Director of the State Security Service
- In office 7 September 2010 – 2 July 2015
- President: Goodluck Jonathan Muhammadu Buhari
- Preceded by: Afakriya Gadzama
- Succeeded by: Lawal Musa Daura

Personal details
- Born: Unknown

= Ita Ekpeyong =

Nigerian security officer

Ita Esien Ekpeyong mni (or Ekpenyong) is a Nigerian security officer who served as Director General of the State Security Service from September 2010 to July 2015 under President Goodluck Jonathan.

==Background==
Ekpeyong was born in Cross River State. He studied at the University of Calabar, obtaining a BA (Hons) in History in 1982, and then a master's in Philosophy. He was the first director of the Institute of Security Studies in Abuja, a training school for intelligence officers. He then was appointed director of the Senior Staff Development Centre of the SSS in Bauchi.
Ekpenyong also held position of SSS director in the states of Bauchi, Kwara, Lagos, Anambra and the Federal Capital Territory.
Before he was appointed Director General, he was Acting National Director (Operations) of the SSS.
His efforts at the 2007 governorship election in Anambra State was said to have influenced Jonathan's choice to appoint him.

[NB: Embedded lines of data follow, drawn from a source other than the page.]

lemma real_cond_exp_add_AE:
  assumes "real_cond_exp_domain M F f" "real_cond_exp_domain M F g"
  shows "AE x in M. real_cond_exp M F (\<lambda>x. f x + g x) x = real_cond_exp M F f x + real_cond_exp M F g x"
proof -
  let ?N = "nn_cond_exp M F"
  have [measurable]: "f \<in> borel_measurable M" "g \<in> borel_measurable M"
    using assms by (auto simp: real_cond_exp_domain_def)
  note fin = real_cond_exp_domain_pos_neg[OF assms(1)] real_cond_exp_domain_pos_neg[OF assms(2)]
  have pos: "AE x in M. ?N (\<lambda>x. ennreal (f x)) x + ?N (\<lambda>x. ennreal (g x)) x
                      = ?N (\<lambda>x. ennreal (max 0 (f x) + max 0 (g x))) x"
    unfolding ennreal_plus_max_0 by (rule nn_cond_exp_sum) auto
  have neg: "AE x in M. ?N (\<lambda>x. ennreal (-f x)) x + ?N (\<lambda>x. ennreal (-g x)) x
                      = ?N (\<lambda>x. ennreal (max 0 (-f x) + max 0 (-g x))) x"
    unfolding ennreal_plus_max_0 by (rule nn_cond_exp_sum) auto
  have "AE x in M. real_cond_exp M F (\<lambda>x. f x + g x) x =
     enn2real (?N (\<lambda>x. ennreal (max 0 (f x) + max 0 (g x))) x)
     - enn2real (?N (\<lambda>x. ennreal (max 0 (-f x) + max 0 (-g x))) x)"
  proof (rule real_cond_exp_eq_diff)
    show "AE x in M. ?N (\<lambda>x. ennreal (max 0 (f x) + max 0 (g x))) x \<noteq> \<infinity>"
      using pos fin by eventually_elim (metis ennreal_add_eq_top infinity_ennreal_def)
    show "AE x in M. ?N (\<lambda>x. ennreal (max 0 (-f x) + max 0 (-g x))) x \<noteq> \<infinity>"
      using neg fin by eventually_elim (metis ennreal_add_eq_top infinity_ennreal_def)
  qed auto
  then show ?thesis using pos neg fin
  proof eventually_elim
    case (elim x)
    define a b c d where "a = ?N (\<lambda>x. ennreal (f x)) x" and "b = ?N (\<lambda>x. ennreal (g x)) x"
      and "c = ?N (\<lambda>x. ennreal (-f x)) x" and "d = ?N (\<lambda>x. ennreal (-g x)) x"
    have fin: "a \<noteq> \<infinity>" "b \<noteq> \<infinity>" "c \<noteq> \<infinity>" "d \<noteq> \<infinity>"
      using elim(4-7) unfolding a_def b_def c_def d_def by auto
    have "real_cond_exp M F (\<lambda>x. f x + g x) x = enn2real (a + b) - enn2real (c + d)"
      using elim(1-3) unfolding a_def b_def c_def d_def by simp
    also have "\<dots> = (enn2real a - enn2real c) + (enn2real b - enn2real d)"
      using fin by (simp add: enn2real_plus less_top[symmetric])
    finally show ?case unfolding real_cond_exp_def a_def b_def c_def d_def .
  qed
qed

lemma real_cond_exp_mult_AE:
  assumes "real_cond_exp_domain M F f" and [measurable]: "k \<in> borel_measurable F"
  shows "AE x in M. real_cond_exp M F (\<lambda>x. k x * f x) x = k x * real_cond_exp M F f x"
proof -
  let ?N = "nn_cond_exp M F"
  let ?fp = "\<lambda>x. ennreal (f x)" and ?fn = "\<lambda>x. ennreal (- f x)"
  have [measurable]: "f \<in> borel_measurable M" "k \<in> borel_measurable M"
    using assms borel_measurable_subalg[OF assms(2)] by (auto simp: real_cond_exp_domain_def)
  note fin = real_cond_exp_domain_pos_neg[OF assms(1)]
  have prod: "AE x in M. ennreal (k x) * ?N ?fp x = ?N (\<lambda>x. ennreal (k x) * ?fp x) x"
             "AE x in M. ennreal (- k x) * ?N ?fn x = ?N (\<lambda>x. ennreal (- k x) * ?fn x) x"
             "AE x in M. ennreal (k x) * ?N ?fn x = ?N (\<lambda>x. ennreal (k x) * ?fn x) x"
             "AE x in M. ennreal (- k x) * ?N ?fp x = ?N (\<lambda>x. ennreal (- k x) * ?fp x) x"
    by (rule nn_cond_exp_prod; simp)+
  define p where "p x = max 0 (k x) * max 0 (f x) + max 0 (- k x) * max 0 (- f x)" for x
  define q where "q x = max 0 (k x) * max 0 (- f x) + max 0 (- k x) * max 0 (f x)" for x
  have p: "ennreal (p x) = ennreal (k x) * ?fp x + ennreal (- k x) * ?fn x" for x
    unfolding p_def by (subst ennreal_plus) (auto simp: ennreal_mult_max_0)
  have q: "ennreal (q x) = ennreal (k x) * ?fn x + ennreal (- k x) * ?fp x" for x
    unfolding q_def by (subst ennreal_plus) (auto simp: ennreal_mult_max_0)
  have sum_p: "AE x in M. ?N (\<lambda>x. ennreal (k x) * ?fp x) x + ?N (\<lambda>x. ennreal (- k x) * ?fn x) x
                        = ?N (\<lambda>x. ennreal (p x)) x"
    unfolding p by (rule nn_cond_exp_sum) auto
  have sum_q: "AE x in M. ?N (\<lambda>x. ennreal (k x) * ?fn x) x + ?N (\<lambda>x. ennreal (- k x) * ?fp x) x
                        = ?N (\<lambda>x. ennreal (q x)) x"
    unfolding q by (rule nn_cond_exp_sum) auto
  have "AE x in M. real_cond_exp M F (\<lambda>x. k x * f x) x
                 = enn2real (?N (\<lambda>x. ennreal (p x)) x) - enn2real (?N (\<lambda>x. ennreal (q x)) x)"
  proof (rule real_cond_exp_eq_diff)
    show "AE x in M. ?N (\<lambda>x. ennreal (p x)) x \<noteq> \<infinity>"
      using sum_p prod fin by eventually_elim (auto simp: ennreal_mult_eq_top_iff)
    show "AE x in M. ?N (\<lambda>x. ennreal (q x)) x \<noteq> \<infinity>"
      using sum_q prod fin by eventually_elim (auto simp: ennreal_mult_eq_top_iff)
    show "\<And>x. k x * f x = p x - q x" unfolding p_def q_def by (auto simp: max_def algebra_simps)
  qed (auto simp: p_def q_def)
  then show ?thesis using sum_p sum_q prod fin
  proof eventually_elim
    case (elim x)
    have "real_cond_exp M F (\<lambda>x. k x * f x) x
        = enn2real (ennreal (k x) * ?N ?fp x + ennreal (- k x) * ?N ?fn x)
          - enn2real (ennreal (k x) * ?N ?fn x + ennreal (- k x) * ?N ?fp x)"
      using elim(1-7) by simp
    also have "\<dots> = k x * real_cond_exp M F f x"
      unfolding real_cond_exp_def using elim(8,9) by (rule enn2real_signed_mult)
    finally show ?case .
  qed
qed

lemma real_cond_exp_nonneg_eq:
  assumes [measurable]: "h \<in> borel_measurable M" and "\<And>x. h x \<ge> 0"
  shows "AE x in M. real_cond_exp M F h x = enn2real (nn_cond_exp M F (\<lambda>x. ennreal (h x)) x)"
proof -
  have "(\<lambda>x. ennreal (- h x)) = (\<lambda>x. 0)" using assms(2) by (auto simp: ennreal_neg)
  then show ?thesis using nn_cond_exp_const[of 0] unfolding real_cond_exp_def by auto
qed

lemma real_cond_exp_zero: "AE x in M. real_cond_exp M F (\<lambda>x. 0) x = 0"
  using real_cond_exp_nonneg_eq[of "\<lambda>x. 0"] nn_cond_exp_const[of 0] by auto

lemma real_cond_exp_indicator:
  assumes [measurable]: "h \<in> borel_measurable M" "A \<in> sets F"
  shows "AE x in M. real_cond_exp M F (\<lambda>x. indicator A x * h x) x = indicator A x * real_cond_exp M F h x"
proof -
  have eq: "(\<lambda>x. ennreal (indicator A x * h x)) = (\<lambda>x. indicator A x * ennreal (h x))"
       "(\<lambda>x. ennreal (- (indicator A x * h x))) = (\<lambda>x. indicator A x * ennreal (- h x))"
    by (auto simp: indicator_def)
  have "AE x in M. indicator A x * nn_cond_exp M F (\<lambda>x. ennreal (h x)) x
                  = nn_cond_exp M F (\<lambda>x. indicator A x * ennreal (h x)) x"
    "AE x in M. indicator A x * nn_cond_exp M F (\<lambda>x. ennreal (- h x)) x
                  = nn_cond_exp M F (\<lambda>x. indicator A x * ennreal (- h x)) x"
    by (rule nn_cond_exp_prod; simp)+
  then show ?thesis unfolding real_cond_exp_def eq
    by eventually_elim (auto simp: indicator_def)
qed

lemma cond_exp_domain_Re_Im:
  assumes "cond_exp_domain M F g"
  shows "real_cond_exp_domain M F (\<lambda>x. Re (g x))" "real_cond_exp_domain M F (\<lambda>x. Im (g x))"
proof -
  have [measurable]: "g \<in> borel_measurable M"
    and fin: "AE x in M. nn_cond_exp M F (\<lambda>x. ennreal (cmod (g x))) x \<noteq> \<infinity>"
    using assms by (auto simp: cond_exp_domain_def)
  have "AE x in M. nn_cond_exp M F (\<lambda>x. ennreal \<bar>Re (g x)\<bar>) x \<noteq> \<infinity>"
       "AE x in M. nn_cond_exp M F (\<lambda>x. ennreal \<bar>Im (g x)\<bar>) x \<noteq> \<infinity>"
    by (rule nn_cond_exp_finite_mono[OF _ _ _ fin]; auto intro!: ennreal_leI abs_Re_le_cmod abs_Im_le_cmod)+
  then show "real_cond_exp_domain M F (\<lambda>x. Re (g x))" "real_cond_exp_domain M F (\<lambda>x. Im (g x))"
    by (auto simp: real_cond_exp_domain_def)
qed

lemma cond_exp_c_add:
  assumes "cond_exp_domain M F f" "cond_exp_domain M F g"
  shows "AE x in M. cond_exp_c M F (\<lambda>x. f x + g x) x = cond_exp_c M F f x + cond_exp_c M F g x"
proof -
  note Re_Im = cond_exp_domain_Re_Im[OF assms(1)] cond_exp_domain_Re_Im[OF assms(2)]
  have "AE x in M. real_cond_exp M F (\<lambda>x. Re (f x) + Re (g x)) x
                 = real_cond_exp M F (\<lambda>x. Re (f x)) x + real_cond_exp M F (\<lambda>x. Re (g x)) x"
    by (rule real_cond_exp_add_AE) (use Re_Im in auto)
  moreover have "AE x in M. real_cond_exp M F (\<lambda>x. Im (f x) + Im (g x)) x
                 = real_cond_exp M F (\<lambda>x. Im (f x)) x + real_cond_exp M F (\<lambda>x. Im (g x)) x"
    by (rule real_cond_exp_add_AE) (use Re_Im in auto)
  ultimately show ?thesis by eventually_elim (simp add: cond_exp_c_def algebra_simps)
qed

lemma cond_exp_c_mult:
  assumes "cond_exp_domain M F g" and [measurable]: "k \<in> borel_measurable F"
  shows "AE x in M. cond_exp_c M F (\<lambda>x. k x * g x) x = k x * cond_exp_c M F g x"
proof -
  note G = cond_exp_domain_Re_Im[OF assms(1)]
  let ?E = "real_cond_exp M F"
  have [measurable]: "(\<lambda>x. Re (k x)) \<in> borel_measurable F" "(\<lambda>x. Im (k x)) \<in> borel_measurable F"
    "(\<lambda>x. - Im (k x)) \<in> borel_measurable F" by auto
  have add: "AE x in M. ?E (\<lambda>x. Re (k x) * Re (g x) + (- Im (k x)) * Im (g x)) x
                 = ?E (\<lambda>x. Re (k x) * Re (g x)) x + ?E (\<lambda>x. (- Im (k x)) * Im (g x)) x"
       "AE x in M. ?E (\<lambda>x. Re (k x) * Im (g x) + Im (k x) * Re (g x)) x
                 = ?E (\<lambda>x. Re (k x) * Im (g x)) x + ?E (\<lambda>x. Im (k x) * Re (g x)) x"
    by (rule real_cond_exp_add_AE;
        rule real_cond_exp_domain_mult[OF G(1)] real_cond_exp_domain_mult[OF G(2)]; simp)+
  have mult: "AE x in M. ?E (\<lambda>x. Re (k x) * Re (g x)) x = Re (k x) * ?E (\<lambda>x. Re (g x)) x"
    "AE x in M. ?E (\<lambda>x. (- Im (k x)) * Im (g x)) x = (- Im (k x)) * ?E (\<lambda>x. Im (g x)) x"
    "AE x in M. ?E (\<lambda>x. Re (k x) * Im (g x)) x = Re (k x) * ?E (\<lambda>x. Im (g x)) x"
    "AE x in M. ?E (\<lambda>x. Im (k x) * Re (g x)) x = Im (k x) * ?E (\<lambda>x. Re (g x)) x"
    by (rule real_cond_exp_mult_AE; auto intro!: G)+
  have Re_Im: "(\<lambda>x. Re (k x * g x)) = (\<lambda>x. Re (k x) * Re (g x) + (- Im (k x)) * Im (g x))"
    "(\<lambda>x. Im (k x * g x)) = (\<lambda>x. Re (k x) * Im (g x) + Im (k x) * Re (g x))" by auto
  from add mult show ?thesis
  proof eventually_elim
    case (elim x)
    show ?case unfolding cond_exp_c_def Re_Im elim by (simp add: complex_eq_iff algebra_simps)
  qed
qed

==Director General of the SSS==
Ekpeyong was appointed Director General of the State Security Service on 7 September 2010 by President Goodluck Jonathan.
Ekpenyong is perceived as likely to improve the public perception of the SSS, which has been negative in the past.
He has said "The frontiers of security management have moved away from the culture of impunity to the friendly frontiers of the rule of law, due process, civility and professionalism ... Democratic changes and their attributes, such as due process, rule of law and respect for human rights, have become very important for us".

After pre-election violence in Benue State in March 2011, the SSS invited prominent people for questioning at SSS headquarters in Abuja. They included Adamu Aleiro, Barnabas Gemade, Iyorchia Ayu, Steve Ugpa, Daniel Saror and PDP Chairman in the state, Dr. Agbo Emmanuel.
The session, held in an underground cell, lasted for about five hours. At one point Ekpenyong ordered the call to be plunged in darkness for ten minutes to show what the leaders would face if the violence persisted.
After the interrogation an SSS spokesperson said "they were invited because investigations revealed that they were behind the present political violence in the state and that after the interrogation, they showed remorse and were mandated to sign an undertaking to give peace a chance in the state".

Before the April 2011 general elections, Ekpeyong discussed factors that could mitigate against free and fair elections.
These included the illegal arms shipments, inflammatory stories in the media, religion, political violence and extremist Islamic sects such as the Boko Haram.
Earlier, he had spoken out against "the denial of venues by some state governments to opposition parties".
He said that the SSS would provide security to all parties throughout the election period, and would ensure that all parties had a level playing field.
On 2 July 2015, Ekpeyong was dismissed by President Muhammadu Buhari and was replaced by Lawal Musa Daura who was a retired State the agency.

== Arrest ==
In August 2018, Ekpeyong was arrested and subsequently released by the Economic Crimes and Financial Commission (EFCC) over alleged complicity in the $2 billion arms deal.